Converting tabular data to RDF: Optimize
If we run our pipeline, we can notice that its full execution may take around 100 minutes to complete. The runtime can vary significantly based on network latency or the specification of the computer that you run the pipeline on. This speed may be fine for our dataset, since it changes only once a year, but LP-ETL can do better. Faster execution also benefits the pipeline development cycle, since we can iterate more quickly if the pipeline's results are produced without much delay. There are several ways how we can improve the runtime of our pipeline.
LP-ETL materializes the output of each processing step. While having the intermediate data is useful for debugging, it slows down the pipeline execution since LP-ETL has to serialize the data to files. We can avoid some of this overhead by merging SPARQL Update operations. SPARQL Update allows to combine multiple operations into a single request that is executed in one go. Multiple operations can be concatenated together if separated by semicolons. The operations are executed sequentially in the order they appear in the combined request, so that results of each operation are available to the operations that follow it. This allows us to merge subsequent operations that operate on the same data. We can therefore combine the initial updates and then the updates operating on the two branches of our pipeline. Doing so can speed up the pipeline approximately to half of its original runtime.
The example pipeline using this improvement can be found here.

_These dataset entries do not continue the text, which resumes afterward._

(* Let $\mathcal{C}$ be a skeletally small triangulated category and $\mathcal{D}$ a radical dense subcategory of $\mathcal{C}$. If $U\in\mathcal{C}$ and $[U]$ is a torsion element of $G(\mathcal{C})$, then $U\in\mathcal{D}$.
   Context: $G(\mathcal{C})$ is the Grothendieck group of $\mathcal{C}$ (free abelian group on isomorphism classes modulo $[V]=[U]+[W]$ for exact triangles $U\to V\to W\to U[1]$). A dense subcategory is a triangulated subcategory $\mathcal{D}$ (full, closed under $[\pm1]$, isomorphisms and cones) such that for every $U\in\mathcal{C}$ there is $V$ with $U\oplus V\in\mathcal{D}$; it is radical if $U^n\in\mathcal{D}$ for some $n\ge1$ implies $U\in\mathcal{D}$. *)

theory Defs
  imports Main
begin

text \<open>A (pre)triangulated category given by explicit data: objects of type 'o,
morphisms of type 'm (each with a domain and codomain), composition (comp g f = g after f),
identities, the abelian group structure on Hom-sets, the suspension functor [1] on objects
and morphisms, and the class of exact (distinguished) triangles
(X, Y, Z, f, g, h) meaning X -f-> Y -g-> Z -h-> X[1].\<close>

record ('o, 'm) tricat =
  Ob :: "'o set"
  Mor :: "'m set"
  dom :: "'m \<Rightarrow> 'o"
  cod :: "'m \<Rightarrow> 'o"
  comp :: "'m \<Rightarrow> 'm \<Rightarrow> 'm"
  ident :: "'o \<Rightarrow> 'm"
  madd :: "'m \<Rightarrow> 'm \<Rightarrow> 'm"
  mzero :: "'o \<Rightarrow> 'o \<Rightarrow> 'm"
  mneg :: "'m \<Rightarrow> 'm"
  shO :: "'o \<Rightarrow> 'o"
  shM :: "'m \<Rightarrow> 'm"
  Tri :: "('o \<times> 'o \<times> 'o \<times> 'm \<times> 'm \<times> 'm) set"

definition hom :: "('o, 'm, 'x) tricat_scheme \<Rightarrow> 'o \<Rightarrow> 'o \<Rightarrow> 'm set" where
  "hom C X Y = {f \<in> Mor C. dom C f = X \<and> cod C f = Y}"

definition is_category :: "('o, 'm, 'x) tricat_scheme \<Rightarrow> bool" where
  "is_category C \<longleftrightarrow>
     (\<forall>f \<in> Mor C. dom C f \<in> Ob C \<and> cod C f \<in> Ob C) \<and>
     (\<forall>X \<in> Ob C. ident C X \<in> hom C X X) \<and>
     (\<forall>X \<in> Ob C. \<forall>Y \<in> Ob C. \<forall>Z \<in> Ob C. \<forall>f \<in> hom C X Y. \<forall>g \<in> hom C Y Z.
        comp C g f \<in> hom C X Z) \<and>
     (\<forall>X \<in> Ob C. \<forall>Y \<in> Ob C. \<forall>f \<in> hom C X Y.
        comp C f (ident C X) = f \<and> comp C (ident C Y) f = f) \<and>
     (\<forall>W \<in> Ob C. \<forall>X \<in> Ob C. \<forall>Y \<in> Ob C. \<forall>Z \<in> Ob C.
        \<forall>f \<in> hom C W X. \<forall>g \<in> hom C X Y. \<forall>h \<in> hom C Y Z.
        comp C h (comp C g f) = comp C (comp C h g) f)"

definition is_preadditive :: "('o, 'm, 'x) tricat_scheme \<Rightarrow> bool" where
  "is_preadditive C \<longleftrightarrow> is_category C \<and>
     (\<forall>X \<in> Ob C. \<forall>Y \<in> Ob C.
        mzero C X Y \<in> hom C X Y \<and>
        (\<forall>f \<in> hom C X Y. \<forall>g \<in> hom C X Y. madd C f g \<in> hom C X Y \<and> madd C f g = madd C g f) \<and>
        (\<forall>f \<in> hom C X Y. \<forall>g \<in> hom C X Y. \<forall>h \<in> hom C X Y.
            madd C (madd C f g) h = madd C f (madd C g h)) \<and>
        (\<forall>f \<in> hom C X Y. madd C f (mzero C X Y) = f \<and>
            mneg C f \<in> hom C X Y \<and> madd C f (mneg C f) = mzero C X Y)) \<and>
     (\<forall>X \<in> Ob C. \<forall>Y \<in> Ob C. \<forall>Z \<in> Ob C.
        (\<forall>f \<in> hom C X Y. \<forall>g \<in> hom C Y Z. \<forall>g' \<in> hom C Y Z.
            comp C (madd C g g') f = madd C (comp C g f) (comp C g' f)) \<and>
        (\<forall>f \<in> hom C X Y. \<forall>f' \<in> hom C X Y. \<forall>g \<in> hom C Y Z.
            comp C g (madd C f f') = madd C (comp C g f) (comp C g f')))"

definition is_zero_obj :: "('o, 'm, 'x) tricat_scheme \<Rightarrow> 'o \<Rightarrow> bool" where
  "is_zero_obj C Z \<longleftrightarrow> Z \<in> Ob C \<and>
     (\<forall>X \<in> Ob C. hom C Z X = {mzero C Z X} \<and> hom C X Z = {mzero C X Z})"

definition is_biproduct :: "('o, 'm, 'x) tricat_scheme \<Rightarrow> 'o \<Rightarrow> 'o \<Rightarrow> 'o \<Rightarrow> bool" where
  "is_biproduct C S X Y \<longleftrightarrow> S \<in> Ob C \<and> X \<in> Ob C \<and> Y \<in> Ob C \<and>
     (\<exists>i1 i2 p1 p2. i1 \<in> hom C X S \<and> i2 \<in> hom C Y S \<and> p1 \<in> hom C S X \<and> p2 \<in> hom C S Y \<and>
        comp C p1 i1 = ident C X \<and> comp C p2 i2 = ident C Y \<and>
        comp C p2 i1 = mzero C X Y \<and> comp C p1 i2 = mzero C Y X \<and>
        madd C (comp C i1 p1) (comp C i2 p2) = ident C S)"

definition is_additive :: "('o, 'm, 'x) tricat_scheme \<Rightarrow> bool" where
  "is_additive C \<longleftrightarrow> is_preadditive C \<and> (\<exists>Z. is_zero_obj C Z) \<and>
     (\<forall>X \<in> Ob C. \<forall>Y \<in> Ob C. \<exists>S. is_biproduct C S X Y)"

We can also improve the pipeline's runtime by letting it operate on smaller chunks of RDF. LP-ETL loads RDF into an in-memory store and larger data in bulk can take longer to process than the same data split into smaller parts. In order to leverage this optimization, LP-ETL provides special versions of many of its components that can operate on collections of chunks of RDF data. To split data into chunks, which are then processed separately, we can use Tabular chunked and then transform it via SPARQL Update chunked or SPARQL CONSTRUCT chunked. Tabular chunked allows to specify the size of the individual chunks in terms of the number of rows of its input CSV. Note that the chunked execution may be applied only to transformations that make do with the data present in one chunk. Transformations that require data outside of each chunk, such as the whole dataset, cannot be executed on chunks. For example, this mode of execution cannot be applied to deduplication that requires joins across the whole dataset. Also note that chunking carries an overhead of needing to merge the chunked data via the Chunked merger component at the end. It should be therefore employed only for demanding transformations, in which the time savings gained from chunked execution trump the overhead with merging data.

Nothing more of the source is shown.